No, this particular blog isn’t about creating a mantra… the power of positive thinking… or visualization to help you endure the pain of racing. These may all be useful tools, but I don’t think they provide the key to making the most of your race. Have you ever gotten to the end of race, and thought you should have pushed some or all of it harder? If so… how much harder should you have pushed, and why? Have you ever ridden too hard, and found yourself walking a substantial part of the run leg? I believe that mistakes only become failures if we fail to learn from them… and the following is what I’ve learned, researched and implemented to help create realistic and achievable race pacing to allow me to race up to the edge of my capabilities… without going over (or at least too far). 🙂
To create a good plan, you first need to understand your current fitness level. This isn’t a guess based on a different length triathlon you did two years ago, but is a quantitative value on where your fitness is today, based on recent fitness testing. Fortunately a testing facility isn’t required… you can do fitness tests by yourself. Going backwards to forward (running to swimming), the best resources I’ve found for testing & planning are:
A lot of research has been performed on runners, from recreational to elite runners, by a coach named Jack Daniels. What was found was that running performance followed very predictable patterns, based on VO2 max (essential maximum cardio capability) and running economy. Jack Daniels combined these two factors into one number, a VDOT value. By doing a 5k all out race simulation, you can find a corresponding VDOT value which will tell you what your threshold running pace is (what you could maintain for a 1 hour effort), predictions of what your 10k, half marathon, and marathon paces would be (assuming adequate training volume), as well as recommend training paces. A great summary of Jack Daniels’ theories and strategies can be found here. After understanding the basics of VDOT (don’t worry it’s a fairly straight forward and relatively short discussion), you can calculate your specific VDOT value here. Basically you put in your distance (5K) and your time, and it calculates your VDOT value, training paces and race paces.
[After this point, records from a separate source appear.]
(* Let $r,\alpha\in\mathbb R$, $\sigma>0$, and let $d_1<d_2$ be the (assumed real and distinct) roots of $P(d)=\frac{\sigma^2}{2}d^2+(\alpha-\frac{\sigma^2}{2})d-r$. Let $x>0$, $\beta\in\mathbb R$, $a,b>0$, and for $c>0$, $t>0$ put $$H(t;c)=\Phi\left(\frac{1}{\sigma\sqrt t}\ln\left(\frac{c}{x}\right)+\sigma\left(\frac{d_1+d_2}{2}-\beta\right)\sqrt t\right),$$ where $\Phi$ is the standard normal distribution function. Then: 1) if $\beta<d_2$, then $\lim_{t\to\infty}x^\beta e^{P(\beta)t}[1-H(t;a)]=0$; 2) if $\beta>d_1$, then $\lim_{t\to\infty}x^\beta e^{P(\beta)t}H(t;b)=0$; 3) if $\beta=0$, then $\lim_{t\to\infty}x^\beta e^{P(\beta)t}[H(t;b)-H(t;a)]=0$. *)

theory Defs
  imports "HOL-Probability.Probability"
begin

definition Phi :: "real \<Rightarrow> real" where
  "Phi = cdf (density lborel std_normal_density)"

definition Pq :: "real \<Rightarrow> real \<Rightarrow> real \<Rightarrow> real \<Rightarrow> real" where
  "Pq r \<alpha> \<sigma> d = \<sigma>\<^sup>2 / 2 * d\<^sup>2 + (\<alpha> - \<sigma>\<^sup>2 / 2) * d - r"

definition Hf :: "real \<Rightarrow> real \<Rightarrow> real \<Rightarrow> real \<Rightarrow> real \<Rightarrow> real \<Rightarrow> real \<Rightarrow> real" where
  "Hf \<sigma> d1 d2 \<beta> x t c =
     Phi (1 / (\<sigma> * sqrt t) * ln (c / x) + \<sigma> * ((d1 + d2) / 2 - \<beta>) * sqrt t)"

end

theory Submission
  imports Defs "HOL-Real_Asymp.Real_Asymp"
begin

text \<open>
  Write \<open>m = (d\<^sub>1 + d\<^sub>2)/2\<close>. Since \<open>P(\<beta>) = \<sigma>\<^sup>2/2 (\<beta> - d\<^sub>1)(\<beta> - d\<^sub>2)\<close>, either \<open>P(\<beta>) < 0\<close>, and the
  exponential factor alone kills the bounded factor, or the argument of \<open>\<Phi>\<close> has the form
  \<open>L/\<surd>t + A\<surd>t\<close> with \<open>A = \<sigma>(m - \<beta>)\<close> of the sign that sends it into the tail of \<open>\<Phi>\<close> under
  consideration. The Gaussian tail bound \<open>exp(-z\<^sup>2/2)\<close> then contributes
  \<open>exp(-A\<^sup>2t/2 - AL)\<close>, and \<open>P(\<beta>) < A\<^sup>2/2\<close> holds for every \<open>\<beta>\<close> because
  \<open>A\<^sup>2/2 - P(\<beta>) = \<sigma>\<^sup>2(d\<^sub>2 - d\<^sub>1)\<^sup>2/8\<close>.
\<close>

lemma std_normal_density_le_shifted:
  assumes "0 \<le> y * (u - y)"
  shows "std_normal_density u \<le> exp (- y\<^sup>2 / 2) * normal_density y 1 u"
proof -
  have "- u\<^sup>2 / 2 \<le> - y\<^sup>2 / 2 + - (u - y)\<^sup>2 / 2"
    using assms by (simp add: power2_eq_square algebra_simps)
  then have "exp (- u\<^sup>2 / 2) \<le> exp (- y\<^sup>2 / 2) * exp (- (u - y)\<^sup>2 / 2)"
    by (simp add: exp_add [symmetric])
  then show ?thesis
    unfolding normal_density_def by (simp add: divide_right_mono)
qed

lemma nn_integral_normal_density_1:
  "(\<integral>\<^sup>+u. ennreal (normal_density \<mu> 1 u) \<partial>lborel) = 1"
  using integrable_normal_density [of 1 \<mu>] integral_normal_density [of 1 \<mu>]
  by (subst nn_integral_eq_integral) auto

lemma std_normal_measure_le_exp:
  assumes S: "S \<in> sets borel" and side: "\<And>u. u \<in> S \<Longrightarrow> 0 \<le> y * (u - y)"
  shows "measure (density lborel std_normal_density) S \<le> exp (- y\<^sup>2 / 2)"
proof -
  have "emeasure (density lborel std_normal_density) S
      = (\<integral>\<^sup>+u. ennreal (std_normal_density u) * indicator S u \<partial>lborel)"
    using S by (simp add: emeasure_density)
  also have "\<dots> \<le> (\<integral>\<^sup>+u. ennreal (exp (- y\<^sup>2 / 2)) * ennreal (normal_density y 1 u) \<partial>lborel)"
    using std_normal_density_le_shifted [OF side]
    by (intro nn_integral_mono) (auto simp: indicator_def ennreal_mult' [symmetric])
  also have "\<dots> = ennreal (exp (- y\<^sup>2 / 2))"
    by (simp add: nn_integral_cmult nn_integral_normal_density_1)
  finally show ?thesis
    by (simp add: measure_def enn2real_leI)
qed

interpretation std_normal: real_distribution "density lborel std_normal_density"
  by (fact real_dist_normal_dist)

lemma Phi_nonneg: "0 \<le> Phi y"
  unfolding Phi_def by (rule std_normal.cdf_nonneg)

lemma Phi_le_1: "Phi y \<le> 1"
  unfolding Phi_def by (rule std_normal.cdf_bounded_prob)

lemma Phi_le_exp: "y \<le> 0 \<Longrightarrow> Phi y \<le> exp (- y\<^sup>2 / 2)"
  unfolding Phi_def cdf_def
  by (rule std_normal_measure_le_exp) (auto intro: mult_nonpos_nonpos)

lemma one_minus_Phi_le_exp: "y \<ge> 0 \<Longrightarrow> 1 - Phi y \<le> exp (- y\<^sup>2 / 2)"
proof -
  assume "y \<ge> 0"
  have "1 - Phi y = std_normal.prob {y<..}"
    using std_normal.prob_compl [of "{..y}"] by (simp add: Phi_def cdf_def Compl_eq_Diff_UNIV [symmetric])
  also have "std_normal.prob {y<..} \<le> exp (- y\<^sup>2 / 2)"
    using \<open>y \<ge> 0\<close> by (intro std_normal_measure_le_exp) auto
  finally show ?thesis .
qed

lemma abs_Phi_diff_le_1: "\<bar>Phi u - Phi v\<bar> \<le> 1"
  using Phi_nonneg [of u] Phi_nonneg [of v] Phi_le_1 [of u] Phi_le_1 [of v] by linarith

lemma exp_mult_gaussian_le:
  assumes "t > 0"
  shows "exp (P * t) * exp (- (L / sqrt t + A * sqrt t)\<^sup>2 / 2)
           \<le> exp ((P - A\<^sup>2 / 2) * t - A * L)"
proof -
  have "(L / sqrt t + A * sqrt t)\<^sup>2 = L\<^sup>2 / t + 2 * A * L + A\<^sup>2 * t"
    using assms by (simp add: power2_eq_square field_simps)
  then have "P * t + - (L / sqrt t + A * sqrt t)\<^sup>2 / 2 = (P - A\<^sup>2 / 2) * t - A * L - L\<^sup>2 / t / 2"
    by (simp add: algebra_simps diff_divide_distrib add_divide_distrib)
  moreover have "L\<^sup>2 / t / 2 \<ge> 0"
    using assms by simp
  ultimately have "P * t + - (L / sqrt t + A * sqrt t)\<^sup>2 / 2 \<le> (P - A\<^sup>2 / 2) * t - A * L"
    by linarith
  then show ?thesis
    by (simp add: exp_add [symmetric])
qed

lemma tendsto_exp_mult_gaussian_bounded:
  fixes g :: "real \<Rightarrow> real"
  assumes P: "P < A\<^sup>2 / 2"
    and g: "\<forall>\<^sub>F t in at_top. 0 \<le> g t \<and> g t \<le> exp (- (L / sqrt t + A * sqrt t)\<^sup>2 / 2)"
  shows "((\<lambda>t. exp (P * t) * g t) \<longlongrightarrow> 0) at_top"
proof (rule tendsto_sandwich [of "\<lambda>_. 0" _ _ "\<lambda>t. exp ((P - A\<^sup>2 / 2) * t - A * L)"])
  show "\<forall>\<^sub>F t in at_top. 0 \<le> exp (P * t) * g t"
    using g by eventually_elim simp
  show "\<forall>\<^sub>F t in at_top. exp (P * t) * g t \<le> exp ((P - A\<^sup>2 / 2) * t - A * L)"
    using g eventually_gt_at_top [of 0]
  proof eventually_elim
    case (elim t)
    then have "exp (P * t) * g t \<le> exp (P * t) * exp (- (L / sqrt t + A * sqrt t)\<^sup>2 / 2)"
      by simp
    also have "\<dots> \<le> exp ((P - A\<^sup>2 / 2) * t - A * L)"
      using elim(2) by (rule exp_mult_gaussian_le)
    finally show ?case .
  qed
  show "((\<lambda>t. exp ((P - A\<^sup>2 / 2) * t - A * L)) \<longlongrightarrow> 0) at_top"
    using P by real_asymp
qed simp

lemma tendsto_exp_mult_one_minus_Phi:
  assumes "A > 0" "P < A\<^sup>2 / 2"
  shows "((\<lambda>t. exp (P * t) * (1 - Phi (L / sqrt t + A * sqrt t))) \<longlongrightarrow> 0) at_top"
proof (rule tendsto_exp_mult_gaussian_bounded [OF \<open>P < A\<^sup>2 / 2\<close>])
  have "filterlim (\<lambda>t. L / sqrt t + A * sqrt t) at_top at_top"
    using \<open>A > 0\<close> by real_asymp
  then have "\<forall>\<^sub>F t in at_top. 0 \<le> L / sqrt t + A * sqrt t"
    by (simp add: filterlim_at_top)
  then show "\<forall>\<^sub>F t in at_top. 0 \<le> 1 - Phi (L / sqrt t + A * sqrt t)
      \<and> 1 - Phi (L / sqrt t + A * sqrt t) \<le> exp (- (L / sqrt t + A * sqrt t)\<^sup>2 / 2)"
    by eventually_elim (intro conjI one_minus_Phi_le_exp, simp_all add: Phi_le_1)
qed

lemma tendsto_exp_mult_Phi:
  assumes "A < 0" "P < A\<^sup>2 / 2"
  shows "((\<lambda>t. exp (P * t) * Phi (L / sqrt t + A * sqrt t)) \<longlongrightarrow> 0) at_top"
proof (rule tendsto_exp_mult_gaussian_bounded [OF \<open>P < A\<^sup>2 / 2\<close>])
  have "filterlim (\<lambda>t. L / sqrt t + A * sqrt t) at_bot at_top"
    using \<open>A < 0\<close> by real_asymp
  then have "\<forall>\<^sub>F t in at_top. L / sqrt t + A * sqrt t \<le> 0"
    by (simp add: filterlim_at_bot)
  then show "\<forall>\<^sub>F t in at_top. 0 \<le> Phi (L / sqrt t + A * sqrt t)
      \<and> Phi (L / sqrt t + A * sqrt t) \<le> exp (- (L / sqrt t + A * sqrt t)\<^sup>2 / 2)"
    by eventually_elim (intro conjI Phi_le_exp, simp_all add: Phi_nonneg)
qed

lemma tendsto_exp_mult_bounded:
  fixes g :: "real \<Rightarrow> real"
  assumes "P < 0" and "\<And>t. \<bar>g t\<bar> \<le> 1"
  shows "((\<lambda>t. exp (P * t) * g t) \<longlongrightarrow> 0) at_top"
proof (rule Lim_null_comparison)
  show "\<forall>\<^sub>F t in at_top. norm (exp (P * t) * g t) \<le> exp (P * t)"
    using assms(2) by (intro always_eventually allI) (simp add: abs_mult mult_left_le)
  show "((\<lambda>t. exp (P * t)) \<longlongrightarrow> 0) at_top"
    using \<open>P < 0\<close> by real_asymp
qed

lemma Pq_eq_root_product:
  assumes "Pq r \<alpha> \<sigma> d1 = 0" "Pq r \<alpha> \<sigma> d2 = 0" "d1 < d2"
  shows "Pq r \<alpha> \<sigma> \<beta> = \<sigma>\<^sup>2 / 2 * (\<beta> - d1) * (\<beta> - d2)"
proof -
  have "0 = Pq r \<alpha> \<sigma> d1 - Pq r \<alpha> \<sigma> d2"
    using assms by simp
  also have "\<dots> = (d1 - d2) * (\<sigma>\<^sup>2 / 2 * (d1 + d2) + (\<alpha> - \<sigma>\<^sup>2 / 2))"
    unfolding Pq_def by (simp add: power2_eq_square field_simps)
  finally have \<alpha>: "\<alpha> - \<sigma>\<^sup>2 / 2 = - \<sigma>\<^sup>2 / 2 * (d1 + d2)"
    using \<open>d1 < d2\<close> by simp
  have "r = \<sigma>\<^sup>2 / 2 * d1\<^sup>2 + (\<alpha> - \<sigma>\<^sup>2 / 2) * d1"
    using assms(1) unfolding Pq_def by simp
  then have "r = - \<sigma>\<^sup>2 / 2 * d1 * d2"
    unfolding \<alpha> by (simp add: power2_eq_square field_simps)
  then show ?thesis
    unfolding Pq_def \<alpha> by (simp add: power2_eq_square algebra_simps)
qed

lemma Pq_neg_between_roots:
  assumes "\<sigma> > 0" "Pq r \<alpha> \<sigma> d1 = 0" "Pq r \<alpha> \<sigma> d2 = 0" "d1 < \<beta>" "\<beta> < d2"
  shows "Pq r \<alpha> \<sigma> \<beta> < 0"
proof -
  have "d1 < d2"
    using assms(4,5) by simp
  then show ?thesis
    using assms by (simp add: Pq_eq_root_product [OF assms(2,3)] mult_pos_neg)
qed

lemma Pq_less_half_square:
  assumes "\<sigma> > 0" "Pq r \<alpha> \<sigma> d1 = 0" "Pq r \<alpha> \<sigma> d2 = 0" "d1 < d2"
  shows "Pq r \<alpha> \<sigma> \<beta> < (\<sigma> * ((d1 + d2) / 2 - \<beta>))\<^sup>2 / 2"
proof -
  have "(\<sigma> * ((d1 + d2) / 2 - \<beta>))\<^sup>2 / 2 - Pq r \<alpha> \<sigma> \<beta> = \<sigma>\<^sup>2 * (d2 - d1)\<^sup>2 / 8"
    unfolding Pq_eq_root_product [OF assms(2-4)] by (simp add: power2_eq_square field_simps)
  also have "\<dots> > 0"
    using assms by simp
  finally show ?thesis
    by simp
qed

lemma Hf_eq: "Hf \<sigma> d1 d2 \<beta> x t c = Phi (ln (c / x) / \<sigma> / sqrt t + \<sigma> * ((d1 + d2) / 2 - \<beta>) * sqrt t)"
  unfolding Hf_def by simp

lemma tendsto_one_minus_Hf:
  assumes "\<sigma> > 0" "Pq r \<alpha> \<sigma> d1 = 0" "Pq r \<alpha> \<sigma> d2 = 0" "d1 < d2" "\<beta> < d2"
  shows "((\<lambda>t. C * exp (Pq r \<alpha> \<sigma> \<beta> * t) * (1 - Hf \<sigma> d1 d2 \<beta> x t c)) \<longlongrightarrow> 0) at_top"
proof -
  have "((\<lambda>t. exp (Pq r \<alpha> \<sigma> \<beta> * t) * (1 - Hf \<sigma> d1 d2 \<beta> x t c)) \<longlongrightarrow> 0) at_top"
  proof (cases "\<beta> < (d1 + d2) / 2")
    case True
    then show ?thesis
      unfolding Hf_eq using assms
      by (intro tendsto_exp_mult_one_minus_Phi Pq_less_half_square) simp_all
  next
    case False
    with \<open>d1 < d2\<close> have "d1 < \<beta>"
      by (simp add: field_simps)
    with assms have "Pq r \<alpha> \<sigma> \<beta> < 0"
      by (intro Pq_neg_between_roots) auto
    then show ?thesis
      by (rule tendsto_exp_mult_bounded) (simp add: Hf_def abs_le_iff Phi_nonneg Phi_le_1)
  qed
  then show ?thesis
    by (simp add: mult.assoc tendsto_mult_right_zero)
qed

lemma tendsto_Hf:
  assumes "\<sigma> > 0" "Pq r \<alpha> \<sigma> d1 = 0" "Pq r \<alpha> \<sigma> d2 = 0" "d1 < d2" "d1 < \<beta>"
  shows "((\<lambda>t. C * exp (Pq r \<alpha> \<sigma> \<beta> * t) * Hf \<sigma> d1 d2 \<beta> x t c) \<longlongrightarrow> 0) at_top"
proof -
  have "((\<lambda>t. exp (Pq r \<alpha> \<sigma> \<beta> * t) * Hf \<sigma> d1 d2 \<beta> x t c) \<longlongrightarrow> 0) at_top"
  proof (cases "\<beta> > (d1 + d2) / 2")
    case True
    then show ?thesis
      unfolding Hf_eq using assms
      by (intro tendsto_exp_mult_Phi Pq_less_half_square) (simp_all add: mult_pos_neg)
  next
    case False
    with \<open>d1 < d2\<close> have "\<beta> < d2"
      by (simp add: field_simps)
    with assms have "Pq r \<alpha> \<sigma> \<beta> < 0"
      by (intro Pq_neg_between_roots) auto
    then show ?thesis
      by (rule tendsto_exp_mult_bounded) (simp add: Hf_def abs_le_iff Phi_nonneg Phi_le_1)
  qed
  then show ?thesis
    by (simp add: mult.assoc tendsto_mult_right_zero)
qed

lemma tendsto_Hf_diff:
  assumes roots: "\<sigma> > 0" "Pq r \<alpha> \<sigma> d1 = 0" "Pq r \<alpha> \<sigma> d2 = 0" "d1 < d2"
  shows "((\<lambda>t. C * exp (Pq r \<alpha> \<sigma> \<beta> * t) * (Hf \<sigma> d1 d2 \<beta> x t b - Hf \<sigma> d1 d2 \<beta> x t a)) \<longlongrightarrow> 0) at_top"
proof -
  consider "d1 < \<beta>" "\<beta> < d2" | "\<beta> \<le> d1" | "d2 \<le> \<beta>"
    by linarith
  then show ?thesis
  proof cases
    case 1
    then have "((\<lambda>t. exp (Pq r \<alpha> \<sigma> \<beta> * t) * (Hf \<sigma> d1 d2 \<beta> x t b - Hf \<sigma> d1 d2 \<beta> x t a)) \<longlongrightarrow> 0) at_top"
      using roots
      by (intro tendsto_exp_mult_bounded Pq_neg_between_roots) (simp_all add: Hf_def abs_Phi_diff_le_1)
    then show ?thesis
      by (simp add: mult.assoc tendsto_mult_right_zero)
  next
    case 2
    with roots have "\<beta> < d2"
      by simp
    from tendsto_diff [OF tendsto_one_minus_Hf [OF roots this, where C = C and x = x and c = a]
                          tendsto_one_minus_Hf [OF roots this, where C = C and x = x and c = b]]
    show ?thesis
      by (simp add: algebra_simps)
  next
    case 3
    with roots have "d1 < \<beta>"
      by simp
    from tendsto_diff [OF tendsto_Hf [OF roots this, where C = C and x = x and c = b]
                          tendsto_Hf [OF roots this, where C = C and x = x and c = a]]
    show ?thesis
      by (simp add: algebra_simps)
  qed
qed

theorem lemma2:
  fixes r \<alpha> \<sigma> d1 d2 x \<beta> a b :: real
  assumes "\<sigma> > 0"
    and "Pq r \<alpha> \<sigma> d1 = 0" and "Pq r \<alpha> \<sigma> d2 = 0" and "d1 < d2"
    and "x > 0" and "a > 0" and "b > 0"
  shows "(\<beta> < d2 \<longrightarrow>
           ((\<lambda>t. x powr \<beta> * exp (Pq r \<alpha> \<sigma> \<beta> * t) * (1 - Hf \<sigma> d1 d2 \<beta> x t a))
              \<longlongrightarrow> 0) at_top)
       \<and> (\<beta> > d1 \<longrightarrow>
           ((\<lambda>t. x powr \<beta> * exp (Pq r \<alpha> \<sigma> \<beta> * t) * Hf \<sigma> d1 d2 \<beta> x t b)
              \<longlongrightarrow> 0) at_top)
       \<and> (\<beta> = 0 \<longrightarrow>
           ((\<lambda>t. x powr \<beta> * exp (Pq r \<alpha> \<sigma> \<beta> * t) * (Hf \<sigma> d1 d2 \<beta> x t b - Hf \<sigma> d1 d2 \<beta> x t a))
              \<longlongrightarrow> 0) at_top)"
  using tendsto_one_minus_Hf [OF assms(1-4)] tendsto_Hf [OF assms(1-4)] tendsto_Hf_diff [OF assms(1-4)]
  by blast

end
To use the VDOT concept, you first need to do VDOT 5k test. Personally I like to do my testing on a treadmill, at 1% grade, so I can be certain of consistency between tests (weather isn’t a factor). You can also do the test at a local track or even a flat road or trail. Make sure you warm up before the test, typically walking for 5 minutes, easy jogging for 5 minutes, and then a moderate pace for 5 more minutes, with some quick 20 second strides to get warmed up. Make sure you have worked up to a sweat. Then run your 5k, keeping track of our time, and heart rate. The key is not to blow yourself out in the first 5 minutes… pace yourself.
Once you have your 5k time, you can use the VDOT spreadsheet, linked above. Let’s say your time was 21:01, which results in a VDOT of 47:
There is a lot of great information on this page, but for triathlon pacing and planning, the most important number is the VDOT number (47) and the threshold pace of 7:12 / mile.
Now… how is this turned into run pacing targets for a triathlon? Basically there are recommended ranges based on your functional threshold pace and the distance of the event. Here’s a great graphic I’ve found, showing ideal pacing by race triathlon length:
Using the original example, with a VDOT of 47, you should be targeting 103% of your Functional Threshold (FT) pace, for a total time of 21:48. This calculator can convert your total time of 21:48 to minutes per mile, resulting in a target pace of 7:01 per mile for a sprint 5k run. As the race lengths get longer, the targeted percentage of your FT pace drops, meaning you run slower (common sense). If you were planning for a full Ironman, your target range would be between 80% to 75% of your FT pace, for a target 26.2 mile run of between 3:58 and 4:14 (9:05/mile to 9:41/mile).
What if the numbers don’t come out exactly to a whole number… i.e. what if my VDOT was 47.5? You could interpolate on the table above, or simply do the math as follows:
- 5k time of 20:50 results in a VDOT of 47.48 and a Functional Threshold Pace of 7:08. Converting the FT Pace to seconds, we get 7 x 60 + 8 = 428 seconds. Dividing by the recommended FT Pace target of 1.03 we get: 428/1.03 = 416 seconds or 6:56 per mile pace.
So… to get your triathlon running target you need to do a 5k at an all out race level effort, calculate your VDOT using the calculator, identify your target pacing based on your VDOT and race length on the chart above, interpolating if you are between VDOT points.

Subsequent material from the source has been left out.